What to do
Each line in the listing below that contains "imports" should be returned.

Material provided
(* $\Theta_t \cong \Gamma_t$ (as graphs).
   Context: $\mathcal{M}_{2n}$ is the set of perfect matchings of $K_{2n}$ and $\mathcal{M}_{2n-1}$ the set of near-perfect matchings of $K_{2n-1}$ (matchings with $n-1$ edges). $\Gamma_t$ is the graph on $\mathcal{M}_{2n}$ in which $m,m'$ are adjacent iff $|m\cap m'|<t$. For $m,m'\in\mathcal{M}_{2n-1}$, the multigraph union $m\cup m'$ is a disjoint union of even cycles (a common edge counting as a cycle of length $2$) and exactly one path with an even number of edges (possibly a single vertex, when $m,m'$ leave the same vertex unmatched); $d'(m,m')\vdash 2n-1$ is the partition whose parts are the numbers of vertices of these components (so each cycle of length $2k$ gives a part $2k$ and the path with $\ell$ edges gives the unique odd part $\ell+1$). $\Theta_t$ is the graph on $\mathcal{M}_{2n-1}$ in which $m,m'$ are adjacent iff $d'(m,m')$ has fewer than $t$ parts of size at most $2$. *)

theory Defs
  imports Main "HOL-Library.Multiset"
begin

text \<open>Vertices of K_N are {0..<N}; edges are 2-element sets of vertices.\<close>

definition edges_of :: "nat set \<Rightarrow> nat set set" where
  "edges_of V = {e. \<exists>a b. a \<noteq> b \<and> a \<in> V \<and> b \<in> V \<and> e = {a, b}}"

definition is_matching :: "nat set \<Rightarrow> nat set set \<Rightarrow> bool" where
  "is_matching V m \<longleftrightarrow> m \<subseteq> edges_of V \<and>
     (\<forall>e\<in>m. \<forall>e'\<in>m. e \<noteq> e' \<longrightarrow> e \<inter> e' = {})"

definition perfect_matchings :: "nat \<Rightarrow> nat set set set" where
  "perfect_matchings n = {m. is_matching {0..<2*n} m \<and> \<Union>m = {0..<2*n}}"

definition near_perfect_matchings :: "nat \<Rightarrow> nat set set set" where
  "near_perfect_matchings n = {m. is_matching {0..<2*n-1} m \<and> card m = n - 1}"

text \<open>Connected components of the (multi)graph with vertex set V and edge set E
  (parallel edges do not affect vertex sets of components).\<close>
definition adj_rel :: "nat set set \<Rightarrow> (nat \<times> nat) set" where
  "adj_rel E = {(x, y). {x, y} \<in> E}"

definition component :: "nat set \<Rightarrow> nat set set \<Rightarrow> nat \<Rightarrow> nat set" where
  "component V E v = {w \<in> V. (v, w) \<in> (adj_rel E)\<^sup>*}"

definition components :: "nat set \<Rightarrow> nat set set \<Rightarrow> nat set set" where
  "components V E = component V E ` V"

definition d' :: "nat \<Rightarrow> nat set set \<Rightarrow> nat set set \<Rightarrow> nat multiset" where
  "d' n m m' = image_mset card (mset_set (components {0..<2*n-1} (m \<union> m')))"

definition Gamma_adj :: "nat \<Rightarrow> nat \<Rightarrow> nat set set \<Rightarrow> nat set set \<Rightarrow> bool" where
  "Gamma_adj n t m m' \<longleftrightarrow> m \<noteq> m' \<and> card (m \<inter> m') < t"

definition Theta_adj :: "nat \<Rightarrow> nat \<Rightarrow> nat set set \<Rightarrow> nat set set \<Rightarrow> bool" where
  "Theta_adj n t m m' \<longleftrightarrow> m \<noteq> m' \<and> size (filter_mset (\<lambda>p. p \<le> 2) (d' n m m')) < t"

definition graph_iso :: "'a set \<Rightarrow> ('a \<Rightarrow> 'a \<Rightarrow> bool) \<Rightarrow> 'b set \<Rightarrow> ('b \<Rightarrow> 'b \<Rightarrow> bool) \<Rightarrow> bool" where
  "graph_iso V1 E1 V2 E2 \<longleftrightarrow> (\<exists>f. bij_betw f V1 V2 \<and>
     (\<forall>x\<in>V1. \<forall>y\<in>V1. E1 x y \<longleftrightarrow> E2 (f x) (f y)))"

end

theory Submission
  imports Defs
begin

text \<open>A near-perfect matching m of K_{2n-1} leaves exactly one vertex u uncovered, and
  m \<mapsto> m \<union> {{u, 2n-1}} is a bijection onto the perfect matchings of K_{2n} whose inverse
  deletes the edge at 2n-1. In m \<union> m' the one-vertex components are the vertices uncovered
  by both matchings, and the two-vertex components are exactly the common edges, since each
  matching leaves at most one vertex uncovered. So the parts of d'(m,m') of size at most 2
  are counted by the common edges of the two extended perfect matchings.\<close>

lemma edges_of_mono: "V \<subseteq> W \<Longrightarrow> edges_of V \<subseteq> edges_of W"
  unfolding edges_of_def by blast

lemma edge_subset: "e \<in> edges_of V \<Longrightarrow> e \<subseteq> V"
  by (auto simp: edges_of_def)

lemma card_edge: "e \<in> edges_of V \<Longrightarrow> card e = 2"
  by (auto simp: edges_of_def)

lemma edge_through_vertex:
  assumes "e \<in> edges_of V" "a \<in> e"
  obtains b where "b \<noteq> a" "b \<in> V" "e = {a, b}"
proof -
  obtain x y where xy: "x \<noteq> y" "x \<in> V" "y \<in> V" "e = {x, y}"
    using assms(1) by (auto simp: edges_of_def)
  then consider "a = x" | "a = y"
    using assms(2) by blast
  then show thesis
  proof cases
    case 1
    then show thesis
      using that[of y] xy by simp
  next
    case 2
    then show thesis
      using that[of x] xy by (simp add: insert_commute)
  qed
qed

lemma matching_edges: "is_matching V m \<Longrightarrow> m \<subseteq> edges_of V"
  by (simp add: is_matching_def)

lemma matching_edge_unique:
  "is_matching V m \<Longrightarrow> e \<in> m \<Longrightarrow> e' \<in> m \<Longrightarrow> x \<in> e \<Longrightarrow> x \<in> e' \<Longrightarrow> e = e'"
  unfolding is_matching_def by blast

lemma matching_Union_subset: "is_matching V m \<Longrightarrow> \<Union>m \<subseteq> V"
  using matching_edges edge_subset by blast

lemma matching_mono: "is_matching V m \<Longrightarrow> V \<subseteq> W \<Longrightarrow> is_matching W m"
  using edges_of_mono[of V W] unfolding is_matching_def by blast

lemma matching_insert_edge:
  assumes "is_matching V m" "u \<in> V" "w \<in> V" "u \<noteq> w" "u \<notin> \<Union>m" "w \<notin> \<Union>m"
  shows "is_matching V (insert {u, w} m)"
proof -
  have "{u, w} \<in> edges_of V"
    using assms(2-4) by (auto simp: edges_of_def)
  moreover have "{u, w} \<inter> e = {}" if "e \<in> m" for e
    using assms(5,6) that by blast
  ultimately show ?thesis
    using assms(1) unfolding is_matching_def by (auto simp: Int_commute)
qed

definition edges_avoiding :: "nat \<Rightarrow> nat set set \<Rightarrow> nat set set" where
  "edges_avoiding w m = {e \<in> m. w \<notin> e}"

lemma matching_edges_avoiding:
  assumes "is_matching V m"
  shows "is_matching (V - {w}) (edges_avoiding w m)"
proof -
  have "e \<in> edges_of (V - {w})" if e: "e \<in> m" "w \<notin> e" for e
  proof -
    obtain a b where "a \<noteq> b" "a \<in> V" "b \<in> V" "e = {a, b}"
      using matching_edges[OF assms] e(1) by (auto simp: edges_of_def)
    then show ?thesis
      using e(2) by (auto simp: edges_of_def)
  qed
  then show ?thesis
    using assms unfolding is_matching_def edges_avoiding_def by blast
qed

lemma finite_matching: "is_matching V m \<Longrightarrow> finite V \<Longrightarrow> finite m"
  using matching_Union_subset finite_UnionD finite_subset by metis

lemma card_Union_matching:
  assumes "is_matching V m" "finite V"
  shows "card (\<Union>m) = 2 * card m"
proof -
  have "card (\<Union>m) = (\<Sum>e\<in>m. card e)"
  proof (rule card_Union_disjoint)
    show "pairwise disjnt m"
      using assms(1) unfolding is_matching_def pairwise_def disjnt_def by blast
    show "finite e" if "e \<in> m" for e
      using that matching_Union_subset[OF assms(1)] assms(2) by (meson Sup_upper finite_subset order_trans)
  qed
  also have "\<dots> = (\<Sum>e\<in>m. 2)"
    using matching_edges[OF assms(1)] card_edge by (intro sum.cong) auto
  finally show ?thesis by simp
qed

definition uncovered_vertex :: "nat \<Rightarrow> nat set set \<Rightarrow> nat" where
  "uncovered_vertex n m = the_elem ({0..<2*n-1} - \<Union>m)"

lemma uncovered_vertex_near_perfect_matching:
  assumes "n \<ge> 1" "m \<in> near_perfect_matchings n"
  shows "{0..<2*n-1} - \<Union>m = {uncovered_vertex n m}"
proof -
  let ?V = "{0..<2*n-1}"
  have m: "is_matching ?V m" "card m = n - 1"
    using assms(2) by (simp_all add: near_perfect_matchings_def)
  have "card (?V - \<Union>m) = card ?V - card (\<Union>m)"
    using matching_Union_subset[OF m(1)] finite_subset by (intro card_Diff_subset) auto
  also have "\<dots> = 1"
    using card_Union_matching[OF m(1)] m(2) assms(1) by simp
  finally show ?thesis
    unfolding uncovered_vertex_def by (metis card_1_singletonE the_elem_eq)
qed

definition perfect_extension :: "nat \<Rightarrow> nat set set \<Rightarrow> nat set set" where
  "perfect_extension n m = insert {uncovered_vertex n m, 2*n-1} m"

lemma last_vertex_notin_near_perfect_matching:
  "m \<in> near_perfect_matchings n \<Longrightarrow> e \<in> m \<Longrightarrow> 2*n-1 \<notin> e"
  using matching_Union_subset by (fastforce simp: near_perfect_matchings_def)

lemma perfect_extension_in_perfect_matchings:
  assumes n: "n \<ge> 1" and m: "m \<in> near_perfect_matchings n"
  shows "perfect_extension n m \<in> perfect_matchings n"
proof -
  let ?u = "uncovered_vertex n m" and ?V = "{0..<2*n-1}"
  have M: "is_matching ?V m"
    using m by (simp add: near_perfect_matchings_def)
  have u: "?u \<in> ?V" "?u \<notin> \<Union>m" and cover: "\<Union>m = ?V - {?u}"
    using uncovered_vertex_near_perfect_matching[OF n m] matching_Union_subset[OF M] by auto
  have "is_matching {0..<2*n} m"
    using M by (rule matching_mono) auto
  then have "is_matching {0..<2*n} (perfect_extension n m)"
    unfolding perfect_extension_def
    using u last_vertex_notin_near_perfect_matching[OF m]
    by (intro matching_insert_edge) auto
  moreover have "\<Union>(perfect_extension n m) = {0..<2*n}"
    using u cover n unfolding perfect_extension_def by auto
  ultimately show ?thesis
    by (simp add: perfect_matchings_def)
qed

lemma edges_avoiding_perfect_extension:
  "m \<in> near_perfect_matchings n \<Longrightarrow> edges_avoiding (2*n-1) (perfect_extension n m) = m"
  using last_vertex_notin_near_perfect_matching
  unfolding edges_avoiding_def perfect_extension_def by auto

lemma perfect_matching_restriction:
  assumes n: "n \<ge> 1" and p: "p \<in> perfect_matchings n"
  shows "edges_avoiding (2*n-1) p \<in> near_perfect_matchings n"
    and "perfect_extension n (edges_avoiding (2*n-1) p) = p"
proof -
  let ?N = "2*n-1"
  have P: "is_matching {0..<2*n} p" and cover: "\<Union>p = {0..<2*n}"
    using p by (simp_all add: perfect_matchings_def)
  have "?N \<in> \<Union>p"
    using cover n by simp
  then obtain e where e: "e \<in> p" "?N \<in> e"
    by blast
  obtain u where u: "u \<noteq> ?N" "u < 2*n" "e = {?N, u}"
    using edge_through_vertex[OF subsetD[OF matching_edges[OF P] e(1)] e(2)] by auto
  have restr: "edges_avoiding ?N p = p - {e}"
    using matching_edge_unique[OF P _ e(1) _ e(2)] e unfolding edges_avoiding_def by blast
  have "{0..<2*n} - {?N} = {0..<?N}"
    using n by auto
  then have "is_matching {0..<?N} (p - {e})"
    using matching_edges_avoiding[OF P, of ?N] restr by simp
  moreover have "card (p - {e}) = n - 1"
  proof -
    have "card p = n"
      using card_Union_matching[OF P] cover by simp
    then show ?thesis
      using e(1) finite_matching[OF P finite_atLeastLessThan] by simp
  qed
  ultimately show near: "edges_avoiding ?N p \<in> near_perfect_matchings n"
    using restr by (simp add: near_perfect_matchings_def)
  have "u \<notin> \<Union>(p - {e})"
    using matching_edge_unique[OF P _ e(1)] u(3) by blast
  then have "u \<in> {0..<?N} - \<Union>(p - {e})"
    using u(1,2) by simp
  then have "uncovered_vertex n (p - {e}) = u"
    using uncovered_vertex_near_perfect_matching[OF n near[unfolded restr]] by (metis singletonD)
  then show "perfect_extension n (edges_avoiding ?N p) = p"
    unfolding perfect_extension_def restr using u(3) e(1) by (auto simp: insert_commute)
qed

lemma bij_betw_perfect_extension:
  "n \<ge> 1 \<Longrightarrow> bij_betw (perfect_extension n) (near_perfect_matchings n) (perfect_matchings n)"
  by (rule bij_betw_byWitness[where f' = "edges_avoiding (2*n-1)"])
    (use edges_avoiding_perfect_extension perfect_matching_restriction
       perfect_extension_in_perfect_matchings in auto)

Solution for this exercise
  imports Main "HOL-Library.Multiset"
  imports Defs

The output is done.